_Given records_:
===============

(* Let $n\ge 1$ and let $U\in\mathbb{C}^{n\times n}$ be unitary. Write $U=A+iB$ with $A,B\in\mathbb{R}^{n\times n}$, and define the real matrix \[ M=\begin{bmatrix} A & -B\\ B & A\end{bmatrix}\in\mathbb{R}^{2n\times 2n}. \] Let $M=Z\Sigma Z^{-1}$ be an eigendecomposition of $M$, where $Z\in\mathbb{C}^{2n\times 2n}$ is invertible and $\Sigma\in\mathbb{C}^{2n\times 2n}$ is diagonal. For each eigenvalue $\mu\in\sigma(M)$, let $Z_\mu\in\mathbb{C}^{2n\times m_M(\mu)}$ be the matrix formed by those columns of $Z$ whose corresponding diagonal entry of $\Sigma$ equals $\mu$. Let $L=[\,I_n\quad iI_n\,]\in\mathbb{C}^{n\times 2n}$, so that $L\begin{bmatrix}z^{(1)}\\ z^{(2)}\end{bmatrix}=z^{(1)}+iz^{(2)}$ for $z^{(1)},z^{(2)}\in\mathbb{C}^n$, and define $X_\mu:=LZ_\mu\in\mathbb{C}^{n\times m_M(\mu)}$. Then $\operatorname{rank}(X_\mu)=m_U(\mu)$, and whenever $m_U(\mu)>0$, the column space of $X_\mu$ equals the eigenspace $\ker(U-\mu I_n)$ of $U$ associated with $\mu$.
   Context: $\sigma(\cdot)$ denotes the spectrum (set of eigenvalues) of a matrix. Since $M$ and $U$ are normal, algebraic and geometric multiplicities coincide; $m_M(\mu)$ and $m_U(\mu)$ denote the multiplicity of $\mu$ as an eigenvalue of $M$ and of $U$ respectively, with the convention $m_U(\mu)=0$ if $\mu\notin\sigma(U)$. *)

theory Defs
  imports "Jordan_Normal_Form.Jordan_Normal_Form" "Jordan_Normal_Form.Schur_Decomposition"
    "Jordan_Normal_Form.DL_Rank" "Jordan_Normal_Form.Matrix_Kernel"
begin

definition unitary_mat :: "complex mat \<Rightarrow> nat \<Rightarrow> bool" where
  "unitary_mat U n \<longleftrightarrow> U \<in> carrier_mat n n \<and>
     mat_adjoint U * U = 1\<^sub>m n \<and> U * mat_adjoint U = 1\<^sub>m n"

definition realify :: "complex mat \<Rightarrow> real mat" where
  "realify U = (let A = map_mat Re U; B = map_mat Im U in four_block_mat A (- B) B A)"

definition Lmat :: "nat \<Rightarrow> complex mat" where
  "Lmat n = four_block_mat (1\<^sub>m n) (\<i> \<cdot>\<^sub>m 1\<^sub>m n) (0\<^sub>m 0 n) (0\<^sub>m 0 n)"

definition eig_idx :: "complex mat \<Rightarrow> complex \<Rightarrow> nat list" where
  "eig_idx D mu = filter (\<lambda>j. D $$ (j, j) = mu) [0..<dim_row D]"

definition Zsub :: "complex mat \<Rightarrow> complex mat \<Rightarrow> complex \<Rightarrow> complex mat" where
  "Zsub Z D mu = mat (dim_row Z) (length (eig_idx D mu))
     (\<lambda>(i, k). Z $$ (i, eig_idx D mu ! k))"

(* multiplicity of mu as an eigenvalue (algebraic = geometric for normal matrices);
   it is 0 when mu is not an eigenvalue *)
definition eig_mult :: "complex mat \<Rightarrow> complex \<Rightarrow> nat" where
  "eig_mult U mu = Polynomial.order mu (char_poly U)"

end

theory Submission
  imports Defs "Jordan_Normal_Form.Jordan_Normal_Form_Existence"
    "Jordan_Normal_Form.Jordan_Normal_Form_Uniqueness"
begin

text \<open>With T = [I, iI; I, -iI] one has T M = diag(U, conj U) T, and L is the first block row
  of T, so L M = U L. Since M is diagonalizable, so is diag(U, conj U); geometric multiplicity
  never exceeds algebraic multiplicity and both are additive over diagonal blocks, so for U the
  two agree at every mu. The columns Z_mu span ker(M - mu I), and L maps ker(M - mu I) onto
  ker(U - mu I): an eigenvector y of U is the image of the eigenvector inv(T) (y, 0) of M.
  Hence the column space of X_mu is ker(U - mu I), whose dimension is m_U(mu).\<close>

lemma mat_kernel_minus_smult_one_iff:
  assumes A: "A \<in> carrier_mat n n"
  shows "v \<in> mat_kernel (A - e \<cdot>\<^sub>m 1\<^sub>m n) \<longleftrightarrow> v \<in> carrier_vec n \<and> A *\<^sub>v v = e \<cdot>\<^sub>v v"
proof -
  have "(e \<cdot>\<^sub>m 1\<^sub>m n) *\<^sub>v v = e \<cdot>\<^sub>v v" if "v \<in> carrier_vec n"
    using that by auto
  then have "v \<in> mat_kernel (A - e \<cdot>\<^sub>m 1\<^sub>m n) \<longleftrightarrow>
      v \<in> carrier_vec n \<and> A *\<^sub>v v - e \<cdot>\<^sub>v v = 0\<^sub>v n"
    using A unfolding mat_kernel_def by (auto simp: minus_mult_distrib_mat_vec)
  moreover have "A *\<^sub>v v - e \<cdot>\<^sub>v v = 0\<^sub>v n \<longleftrightarrow> A *\<^sub>v v = e \<cdot>\<^sub>v v" if v: "v \<in> carrier_vec n"
  proof
    assume eq: "A *\<^sub>v v - e \<cdot>\<^sub>v v = 0\<^sub>v n"
    show "A *\<^sub>v v = e \<cdot>\<^sub>v v"
    proof (rule eq_vecI)
      fix i
      assume "i < dim_vec (e \<cdot>\<^sub>v v)"
      moreover have "(A *\<^sub>v v - e \<cdot>\<^sub>v v) $ i = 0\<^sub>v n $ i"
        by (simp only: eq)
      ultimately show "(A *\<^sub>v v) $ i = (e \<cdot>\<^sub>v v) $ i"
        using A v by simp
    qed (use A v in simp)
  qed (use A v in simp)
  ultimately show ?thesis
    by blast
qed

lemma mem_col_space_iff:
  assumes X: "X \<in> carrier_mat n k"
  shows "x \<in> vec_space.col_space n X \<longleftrightarrow> (\<exists>w\<in>carrier_vec k. x = X *\<^sub>v w)"
proof -
  have col_space: "vec_space.col_space n X = {y \<in> carrier_vec n. \<exists>w\<in>carrier_vec k. X *\<^sub>v w = y}"
    unfolding vec_space.col_space_eq[OF X] using carrier_matD[OF X] by simp
  show ?thesis
  proof
    assume "x \<in> vec_space.col_space n X"
    then obtain w where "w \<in> carrier_vec k" "X *\<^sub>v w = x"
      unfolding col_space by blast
    then show "\<exists>w\<in>carrier_vec k. x = X *\<^sub>v w"
      by auto
  next
    assume "\<exists>w\<in>carrier_vec k. x = X *\<^sub>v w"
    then obtain w where w: "w \<in> carrier_vec k" "x = X *\<^sub>v w"
      by blast
    then show "x \<in> vec_space.col_space n X"
      unfolding col_space using mult_mat_vec_carrier[OF X w(1)] by auto
  qed
qed

lemma col_space_mult:
  assumes L: "L \<in> carrier_mat m n" and Y: "Y \<in> carrier_mat n k"
  shows "vec_space.col_space m (L * Y) = (\<lambda>v. L *\<^sub>v v) ` vec_space.col_space n Y"
proof
  have LY: "L * Y \<in> carrier_mat m k"
    by (rule mult_carrier_mat[OF L Y])
  show "vec_space.col_space m (L * Y) \<subseteq> (\<lambda>v. L *\<^sub>v v) ` vec_space.col_space n Y"
  proof
    fix x
    assume "x \<in> vec_space.col_space m (L * Y)"
    then obtain w where w: "w \<in> carrier_vec k" and x: "x = (L * Y) *\<^sub>v w"
      unfolding mem_col_space_iff[OF LY] by blast
    have "Y *\<^sub>v w \<in> vec_space.col_space n Y"
      unfolding mem_col_space_iff[OF Y] using w by blast
    moreover have "x = L *\<^sub>v (Y *\<^sub>v w)"
      unfolding x by (rule assoc_mult_mat_vec[OF L Y w])
    ultimately show "x \<in> (\<lambda>v. L *\<^sub>v v) ` vec_space.col_space n Y"
      by blast
  qed
  show "(\<lambda>v. L *\<^sub>v v) ` vec_space.col_space n Y \<subseteq> vec_space.col_space m (L * Y)"
  proof
    fix x
    assume "x \<in> (\<lambda>v. L *\<^sub>v v) ` vec_space.col_space n Y"
    then obtain v where "v \<in> vec_space.col_space n Y" and x: "x = L *\<^sub>v v"
      by blast
    then obtain w where w: "w \<in> carrier_vec k" and v: "v = Y *\<^sub>v w"
      unfolding mem_col_space_iff[OF Y] by blast
    have "x = (L * Y) *\<^sub>v w"
      unfolding x v by (rule assoc_mult_mat_vec[OF L Y w, symmetric])
    then show "x \<in> vec_space.col_space m (L * Y)"
      unfolding mem_col_space_iff[OF LY] using w by blast
  qed
qed

lemma rank_eq_kernel_dim_if_col_space_eq:
  assumes "vec_space.col_space n X = mat_kernel K" and "K \<in> carrier_mat m n"
  shows "vec_space.rank n X = kernel.dim n K"
proof -
  interpret kernel m n K by unfold_locales (rule assms(2))
  show ?thesis
    using assms(1) unfolding vec_space.rank_def vec_space.col_space_def by simp
qed

lemma dim_gen_eigenspace_1:
  assumes "A \<in> carrier_mat n n"
  shows "dim_gen_eigenspace A e 1 = kernel.dim n (A - e \<cdot>\<^sub>m 1\<^sub>m n)"
proof -
  have "char_matrix A e = A - e \<cdot>\<^sub>m 1\<^sub>m n"
    using assms unfolding char_matrix_def by (auto intro!: eq_matI)
  then show ?thesis
    using assms unfolding dim_gen_eigenspace_def kernel_dim_def by simp
qed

===============

_Problem to work on_: Please copy, exactly and with nothing else, the lines above beginning at the line that has "n = four_block_mat" and ending with the line that has "complex \<Rightarrow> complex".

_Output of the task_:
  "Lmat n = four_block_mat (1\<^sub>m n) (\<i> \<cdot>\<^sub>m 1\<^sub>m n) (0\<^sub>m 0 n) (0\<^sub>m 0 n)"

definition eig_idx :: "complex mat \<Rightarrow> complex \<Rightarrow> nat list" where
  "eig_idx D mu = filter (\<lambda>j. D $$ (j, j) = mu) [0..<dim_row D]"

definition Zsub :: "complex mat \<Rightarrow> complex mat \<Rightarrow> complex \<Rightarrow> complex mat" where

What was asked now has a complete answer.